• THE TASK
Look through the material below. Return exactly the lines from the one with "with f show ?case" through the one with "unfolding g'_def by", both included.

• RECORDED INFORMATION
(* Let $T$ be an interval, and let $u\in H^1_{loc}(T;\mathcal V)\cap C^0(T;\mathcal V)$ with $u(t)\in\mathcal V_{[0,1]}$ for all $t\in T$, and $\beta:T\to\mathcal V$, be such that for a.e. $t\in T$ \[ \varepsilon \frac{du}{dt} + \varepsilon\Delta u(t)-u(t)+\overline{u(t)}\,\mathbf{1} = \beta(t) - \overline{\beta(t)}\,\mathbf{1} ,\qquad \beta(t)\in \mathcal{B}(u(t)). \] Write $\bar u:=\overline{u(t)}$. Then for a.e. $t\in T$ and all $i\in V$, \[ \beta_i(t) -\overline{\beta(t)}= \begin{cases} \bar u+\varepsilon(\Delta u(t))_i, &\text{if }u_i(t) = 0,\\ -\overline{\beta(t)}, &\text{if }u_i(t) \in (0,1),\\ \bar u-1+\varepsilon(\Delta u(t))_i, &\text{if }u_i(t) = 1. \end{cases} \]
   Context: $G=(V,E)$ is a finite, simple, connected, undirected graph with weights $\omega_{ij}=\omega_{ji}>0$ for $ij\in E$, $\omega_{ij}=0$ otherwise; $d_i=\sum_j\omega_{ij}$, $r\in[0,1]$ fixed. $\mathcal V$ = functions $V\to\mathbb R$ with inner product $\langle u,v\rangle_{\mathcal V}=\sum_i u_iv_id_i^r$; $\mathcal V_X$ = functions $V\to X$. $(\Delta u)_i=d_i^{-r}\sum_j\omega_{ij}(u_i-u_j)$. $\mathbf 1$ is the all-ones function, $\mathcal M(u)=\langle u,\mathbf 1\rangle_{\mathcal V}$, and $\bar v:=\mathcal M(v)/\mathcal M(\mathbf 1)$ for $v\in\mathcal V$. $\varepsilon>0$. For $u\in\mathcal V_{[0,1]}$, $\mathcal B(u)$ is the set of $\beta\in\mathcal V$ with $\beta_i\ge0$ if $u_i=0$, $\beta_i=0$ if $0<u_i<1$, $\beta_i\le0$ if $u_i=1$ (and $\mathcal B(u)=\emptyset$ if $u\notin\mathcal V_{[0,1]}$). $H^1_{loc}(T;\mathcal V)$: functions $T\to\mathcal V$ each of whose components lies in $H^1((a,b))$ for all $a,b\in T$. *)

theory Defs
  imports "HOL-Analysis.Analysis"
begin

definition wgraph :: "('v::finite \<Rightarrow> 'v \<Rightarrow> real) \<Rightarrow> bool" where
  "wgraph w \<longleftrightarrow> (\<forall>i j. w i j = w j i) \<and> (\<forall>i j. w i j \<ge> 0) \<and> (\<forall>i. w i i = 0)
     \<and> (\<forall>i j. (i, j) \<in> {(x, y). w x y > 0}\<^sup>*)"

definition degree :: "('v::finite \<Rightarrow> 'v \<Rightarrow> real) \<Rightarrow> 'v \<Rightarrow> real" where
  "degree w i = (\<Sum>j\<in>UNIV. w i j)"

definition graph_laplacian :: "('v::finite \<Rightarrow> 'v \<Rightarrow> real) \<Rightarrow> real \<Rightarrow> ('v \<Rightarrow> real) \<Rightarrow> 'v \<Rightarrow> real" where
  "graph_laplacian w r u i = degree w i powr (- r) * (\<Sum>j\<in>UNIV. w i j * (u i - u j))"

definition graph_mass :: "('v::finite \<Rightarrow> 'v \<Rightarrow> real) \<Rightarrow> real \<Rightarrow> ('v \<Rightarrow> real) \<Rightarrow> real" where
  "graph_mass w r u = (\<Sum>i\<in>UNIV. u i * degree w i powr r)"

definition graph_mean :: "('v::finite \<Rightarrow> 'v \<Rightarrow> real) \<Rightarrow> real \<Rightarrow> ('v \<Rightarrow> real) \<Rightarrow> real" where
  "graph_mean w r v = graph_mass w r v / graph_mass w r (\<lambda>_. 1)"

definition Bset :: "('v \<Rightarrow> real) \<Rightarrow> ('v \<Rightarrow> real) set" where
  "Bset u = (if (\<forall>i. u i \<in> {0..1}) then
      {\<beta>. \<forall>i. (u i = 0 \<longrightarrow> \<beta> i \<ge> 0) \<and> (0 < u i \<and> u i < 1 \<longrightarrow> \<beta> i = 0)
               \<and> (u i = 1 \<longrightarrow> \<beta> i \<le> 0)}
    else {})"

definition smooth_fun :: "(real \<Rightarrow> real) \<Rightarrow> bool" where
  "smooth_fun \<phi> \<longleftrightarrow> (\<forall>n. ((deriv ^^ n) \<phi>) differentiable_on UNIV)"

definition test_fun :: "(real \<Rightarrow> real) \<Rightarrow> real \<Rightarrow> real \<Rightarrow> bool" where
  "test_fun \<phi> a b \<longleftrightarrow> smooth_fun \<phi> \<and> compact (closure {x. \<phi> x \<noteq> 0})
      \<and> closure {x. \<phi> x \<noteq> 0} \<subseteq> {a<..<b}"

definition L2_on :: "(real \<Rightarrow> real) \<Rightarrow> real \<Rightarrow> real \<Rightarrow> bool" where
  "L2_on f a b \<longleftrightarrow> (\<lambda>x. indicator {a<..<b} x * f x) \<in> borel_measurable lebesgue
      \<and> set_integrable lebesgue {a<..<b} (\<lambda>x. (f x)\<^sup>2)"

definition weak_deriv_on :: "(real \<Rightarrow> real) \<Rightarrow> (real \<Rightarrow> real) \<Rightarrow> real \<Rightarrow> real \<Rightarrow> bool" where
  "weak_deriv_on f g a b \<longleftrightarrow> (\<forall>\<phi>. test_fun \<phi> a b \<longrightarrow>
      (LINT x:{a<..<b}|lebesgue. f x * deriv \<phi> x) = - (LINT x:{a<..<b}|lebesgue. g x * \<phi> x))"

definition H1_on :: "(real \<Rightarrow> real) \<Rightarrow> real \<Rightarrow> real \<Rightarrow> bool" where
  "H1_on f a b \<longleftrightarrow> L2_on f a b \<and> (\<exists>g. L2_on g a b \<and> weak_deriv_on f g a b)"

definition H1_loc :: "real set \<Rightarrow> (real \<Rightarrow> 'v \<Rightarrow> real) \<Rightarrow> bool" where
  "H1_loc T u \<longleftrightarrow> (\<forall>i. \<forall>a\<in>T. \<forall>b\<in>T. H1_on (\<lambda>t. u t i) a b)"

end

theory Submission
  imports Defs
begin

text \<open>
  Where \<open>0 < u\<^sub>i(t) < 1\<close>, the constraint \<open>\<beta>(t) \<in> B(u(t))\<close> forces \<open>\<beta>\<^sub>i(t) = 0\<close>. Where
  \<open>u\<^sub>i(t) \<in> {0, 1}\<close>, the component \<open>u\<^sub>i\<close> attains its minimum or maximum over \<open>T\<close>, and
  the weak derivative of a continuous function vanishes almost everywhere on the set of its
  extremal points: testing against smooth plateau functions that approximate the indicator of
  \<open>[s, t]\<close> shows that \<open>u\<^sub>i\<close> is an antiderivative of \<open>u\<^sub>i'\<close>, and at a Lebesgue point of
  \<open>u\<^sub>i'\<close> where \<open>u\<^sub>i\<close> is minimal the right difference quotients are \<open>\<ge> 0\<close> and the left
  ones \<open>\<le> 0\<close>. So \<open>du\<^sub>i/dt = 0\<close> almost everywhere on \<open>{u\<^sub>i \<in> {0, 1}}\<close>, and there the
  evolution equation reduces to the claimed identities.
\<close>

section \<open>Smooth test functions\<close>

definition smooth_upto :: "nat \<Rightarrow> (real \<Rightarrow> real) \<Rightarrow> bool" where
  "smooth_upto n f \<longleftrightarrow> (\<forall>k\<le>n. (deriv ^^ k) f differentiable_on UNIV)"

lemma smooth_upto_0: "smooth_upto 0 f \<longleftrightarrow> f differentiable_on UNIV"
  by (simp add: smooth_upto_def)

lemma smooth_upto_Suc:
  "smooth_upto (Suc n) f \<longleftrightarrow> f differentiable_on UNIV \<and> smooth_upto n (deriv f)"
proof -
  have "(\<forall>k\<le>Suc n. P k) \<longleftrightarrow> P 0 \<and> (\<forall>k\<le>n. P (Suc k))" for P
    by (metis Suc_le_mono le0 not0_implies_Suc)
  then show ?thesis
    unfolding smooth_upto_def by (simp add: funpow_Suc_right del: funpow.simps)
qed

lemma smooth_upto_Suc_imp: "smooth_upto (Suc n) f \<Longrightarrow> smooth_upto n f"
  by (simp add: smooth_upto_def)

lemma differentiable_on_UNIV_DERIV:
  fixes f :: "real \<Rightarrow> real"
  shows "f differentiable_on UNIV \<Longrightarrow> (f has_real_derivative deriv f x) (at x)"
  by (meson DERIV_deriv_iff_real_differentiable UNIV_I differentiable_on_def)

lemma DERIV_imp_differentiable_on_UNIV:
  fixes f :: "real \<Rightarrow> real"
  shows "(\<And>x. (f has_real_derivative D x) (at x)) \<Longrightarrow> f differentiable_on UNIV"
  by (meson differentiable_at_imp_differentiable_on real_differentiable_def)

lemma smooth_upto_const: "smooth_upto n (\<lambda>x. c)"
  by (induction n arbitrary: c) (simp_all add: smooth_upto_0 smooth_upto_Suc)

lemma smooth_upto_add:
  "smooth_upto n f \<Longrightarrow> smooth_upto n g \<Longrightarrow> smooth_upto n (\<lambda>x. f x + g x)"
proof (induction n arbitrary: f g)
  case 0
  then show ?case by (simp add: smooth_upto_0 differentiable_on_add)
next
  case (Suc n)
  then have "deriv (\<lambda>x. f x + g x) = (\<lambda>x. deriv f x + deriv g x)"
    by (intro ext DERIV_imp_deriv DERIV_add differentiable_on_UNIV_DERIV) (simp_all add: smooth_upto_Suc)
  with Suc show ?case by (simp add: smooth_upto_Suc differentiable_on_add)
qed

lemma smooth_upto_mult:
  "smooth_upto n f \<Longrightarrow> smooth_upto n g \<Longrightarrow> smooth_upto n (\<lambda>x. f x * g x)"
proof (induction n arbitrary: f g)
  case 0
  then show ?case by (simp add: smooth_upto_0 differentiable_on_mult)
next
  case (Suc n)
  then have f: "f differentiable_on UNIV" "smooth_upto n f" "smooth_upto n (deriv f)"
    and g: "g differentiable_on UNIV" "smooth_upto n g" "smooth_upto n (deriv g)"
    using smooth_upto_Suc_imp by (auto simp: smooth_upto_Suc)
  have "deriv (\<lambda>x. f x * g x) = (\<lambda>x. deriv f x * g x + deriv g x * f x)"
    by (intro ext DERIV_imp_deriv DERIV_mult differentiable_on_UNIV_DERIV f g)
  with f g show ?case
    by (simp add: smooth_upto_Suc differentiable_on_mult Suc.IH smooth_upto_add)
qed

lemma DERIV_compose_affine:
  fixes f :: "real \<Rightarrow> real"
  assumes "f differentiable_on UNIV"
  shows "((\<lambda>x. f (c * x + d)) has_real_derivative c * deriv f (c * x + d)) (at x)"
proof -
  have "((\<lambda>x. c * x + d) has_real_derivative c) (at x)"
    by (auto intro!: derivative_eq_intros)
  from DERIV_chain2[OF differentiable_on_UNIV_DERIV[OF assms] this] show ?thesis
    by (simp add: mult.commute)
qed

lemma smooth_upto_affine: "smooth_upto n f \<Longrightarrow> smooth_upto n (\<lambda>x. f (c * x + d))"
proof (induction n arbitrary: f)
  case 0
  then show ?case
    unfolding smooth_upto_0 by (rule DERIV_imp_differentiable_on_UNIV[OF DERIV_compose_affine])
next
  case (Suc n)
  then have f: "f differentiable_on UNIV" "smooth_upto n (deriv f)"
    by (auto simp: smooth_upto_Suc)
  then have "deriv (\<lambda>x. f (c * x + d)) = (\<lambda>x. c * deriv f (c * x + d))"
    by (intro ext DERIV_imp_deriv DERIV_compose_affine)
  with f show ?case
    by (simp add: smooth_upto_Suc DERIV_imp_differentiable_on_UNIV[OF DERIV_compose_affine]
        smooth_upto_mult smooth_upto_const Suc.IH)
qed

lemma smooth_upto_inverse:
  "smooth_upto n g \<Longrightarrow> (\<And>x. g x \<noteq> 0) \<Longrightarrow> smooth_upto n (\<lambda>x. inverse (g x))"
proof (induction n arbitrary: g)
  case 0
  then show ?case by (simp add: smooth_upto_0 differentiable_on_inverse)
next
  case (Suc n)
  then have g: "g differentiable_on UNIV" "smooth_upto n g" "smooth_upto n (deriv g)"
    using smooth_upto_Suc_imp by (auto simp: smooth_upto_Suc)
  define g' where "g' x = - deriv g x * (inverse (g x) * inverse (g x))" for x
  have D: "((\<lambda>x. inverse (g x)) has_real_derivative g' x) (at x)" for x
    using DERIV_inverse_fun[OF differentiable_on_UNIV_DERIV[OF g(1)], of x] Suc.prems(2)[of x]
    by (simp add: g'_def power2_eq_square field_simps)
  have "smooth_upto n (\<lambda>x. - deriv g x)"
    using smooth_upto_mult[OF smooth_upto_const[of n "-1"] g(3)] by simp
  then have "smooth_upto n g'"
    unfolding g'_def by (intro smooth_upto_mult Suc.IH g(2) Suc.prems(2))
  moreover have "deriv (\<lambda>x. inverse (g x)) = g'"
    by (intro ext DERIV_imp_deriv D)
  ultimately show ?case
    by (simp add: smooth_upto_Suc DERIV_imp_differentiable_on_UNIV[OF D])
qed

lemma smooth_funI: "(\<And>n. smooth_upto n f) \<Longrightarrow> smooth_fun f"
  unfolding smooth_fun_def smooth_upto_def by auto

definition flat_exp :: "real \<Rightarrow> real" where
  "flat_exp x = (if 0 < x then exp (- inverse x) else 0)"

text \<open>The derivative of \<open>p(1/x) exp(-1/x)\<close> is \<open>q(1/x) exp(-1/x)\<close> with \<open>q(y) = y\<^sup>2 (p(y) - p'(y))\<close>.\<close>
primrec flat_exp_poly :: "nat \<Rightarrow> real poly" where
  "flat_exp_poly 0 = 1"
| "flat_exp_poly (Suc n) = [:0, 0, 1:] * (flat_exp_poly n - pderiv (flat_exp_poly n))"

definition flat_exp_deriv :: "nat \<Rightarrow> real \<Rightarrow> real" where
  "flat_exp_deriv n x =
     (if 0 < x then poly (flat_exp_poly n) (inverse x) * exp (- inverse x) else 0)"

--

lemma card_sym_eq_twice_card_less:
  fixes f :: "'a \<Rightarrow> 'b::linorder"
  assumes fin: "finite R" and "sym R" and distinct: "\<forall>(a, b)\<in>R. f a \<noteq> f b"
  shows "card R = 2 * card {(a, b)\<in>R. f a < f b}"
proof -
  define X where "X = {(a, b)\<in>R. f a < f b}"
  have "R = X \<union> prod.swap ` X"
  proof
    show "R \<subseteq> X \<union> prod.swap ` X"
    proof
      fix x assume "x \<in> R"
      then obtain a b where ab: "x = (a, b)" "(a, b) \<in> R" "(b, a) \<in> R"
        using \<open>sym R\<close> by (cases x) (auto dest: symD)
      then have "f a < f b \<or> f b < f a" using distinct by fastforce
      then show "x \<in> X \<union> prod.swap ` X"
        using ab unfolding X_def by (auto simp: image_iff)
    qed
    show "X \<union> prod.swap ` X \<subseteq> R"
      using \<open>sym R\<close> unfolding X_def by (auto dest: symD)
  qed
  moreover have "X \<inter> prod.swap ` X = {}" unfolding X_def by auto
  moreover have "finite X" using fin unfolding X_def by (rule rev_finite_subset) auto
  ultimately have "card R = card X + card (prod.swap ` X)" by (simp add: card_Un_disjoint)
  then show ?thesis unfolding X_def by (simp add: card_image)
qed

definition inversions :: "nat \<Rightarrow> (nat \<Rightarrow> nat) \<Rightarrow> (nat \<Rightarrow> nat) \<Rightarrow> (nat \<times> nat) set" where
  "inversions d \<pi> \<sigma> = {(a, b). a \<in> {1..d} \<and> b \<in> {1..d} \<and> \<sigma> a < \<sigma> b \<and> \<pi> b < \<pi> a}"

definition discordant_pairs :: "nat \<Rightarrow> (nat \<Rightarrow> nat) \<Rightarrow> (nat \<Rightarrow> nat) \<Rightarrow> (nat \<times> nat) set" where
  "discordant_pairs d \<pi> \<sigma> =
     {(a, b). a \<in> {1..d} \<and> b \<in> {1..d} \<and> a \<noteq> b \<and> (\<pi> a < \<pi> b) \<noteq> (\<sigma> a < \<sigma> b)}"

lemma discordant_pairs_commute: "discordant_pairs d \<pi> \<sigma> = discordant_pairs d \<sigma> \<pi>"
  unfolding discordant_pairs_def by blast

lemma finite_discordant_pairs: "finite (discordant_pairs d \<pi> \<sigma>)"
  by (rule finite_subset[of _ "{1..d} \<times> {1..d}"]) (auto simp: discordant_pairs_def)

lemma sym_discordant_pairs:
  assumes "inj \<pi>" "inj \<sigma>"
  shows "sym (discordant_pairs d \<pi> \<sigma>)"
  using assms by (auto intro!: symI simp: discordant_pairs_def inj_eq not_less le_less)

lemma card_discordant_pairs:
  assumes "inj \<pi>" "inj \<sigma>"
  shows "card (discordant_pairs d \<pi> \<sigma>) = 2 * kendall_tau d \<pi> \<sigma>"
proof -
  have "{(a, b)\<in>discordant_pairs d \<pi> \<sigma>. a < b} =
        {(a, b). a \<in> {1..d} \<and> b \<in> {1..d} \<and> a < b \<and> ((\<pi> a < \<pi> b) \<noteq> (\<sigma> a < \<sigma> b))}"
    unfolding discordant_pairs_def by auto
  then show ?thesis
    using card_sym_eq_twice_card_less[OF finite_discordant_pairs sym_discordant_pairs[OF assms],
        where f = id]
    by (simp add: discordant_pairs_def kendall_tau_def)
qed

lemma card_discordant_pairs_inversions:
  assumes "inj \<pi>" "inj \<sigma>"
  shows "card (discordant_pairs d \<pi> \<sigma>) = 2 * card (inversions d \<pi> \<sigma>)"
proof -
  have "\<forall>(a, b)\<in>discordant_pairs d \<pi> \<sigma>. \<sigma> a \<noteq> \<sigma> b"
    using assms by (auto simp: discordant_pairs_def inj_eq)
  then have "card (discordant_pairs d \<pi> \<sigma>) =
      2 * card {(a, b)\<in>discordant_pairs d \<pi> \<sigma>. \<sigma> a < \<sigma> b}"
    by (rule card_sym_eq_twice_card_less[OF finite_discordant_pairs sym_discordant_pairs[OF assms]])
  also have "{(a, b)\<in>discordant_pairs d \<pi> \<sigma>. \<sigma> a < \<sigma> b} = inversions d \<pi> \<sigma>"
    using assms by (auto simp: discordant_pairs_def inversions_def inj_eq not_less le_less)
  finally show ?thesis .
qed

• ANSWER TO THIS EXERCISE
  with f show ?case
    by (simp add: smooth_upto_Suc DERIV_imp_differentiable_on_UNIV[OF DERIV_compose_affine]
        smooth_upto_mult smooth_upto_const Suc.IH)
qed

lemma smooth_upto_inverse:
  "smooth_upto n g \<Longrightarrow> (\<And>x. g x \<noteq> 0) \<Longrightarrow> smooth_upto n (\<lambda>x. inverse (g x))"
proof (induction n arbitrary: g)
  case 0
  then show ?case by (simp add: smooth_upto_0 differentiable_on_inverse)
next
  case (Suc n)
  then have g: "g differentiable_on UNIV" "smooth_upto n g" "smooth_upto n (deriv g)"
    using smooth_upto_Suc_imp by (auto simp: smooth_upto_Suc)
  define g' where "g' x = - deriv g x * (inverse (g x) * inverse (g x))" for x
  have D: "((\<lambda>x. inverse (g x)) has_real_derivative g' x) (at x)" for x
    using DERIV_inverse_fun[OF differentiable_on_UNIV_DERIV[OF g(1)], of x] Suc.prems(2)[of x]
    by (simp add: g'_def power2_eq_square field_simps)
  have "smooth_upto n (\<lambda>x. - deriv g x)"
    using smooth_upto_mult[OF smooth_upto_const[of n "-1"] g(3)] by simp
  then have "smooth_upto n g'"
    unfolding g'_def by (intro smooth_upto_mult Suc.IH g(2) Suc.prems(2))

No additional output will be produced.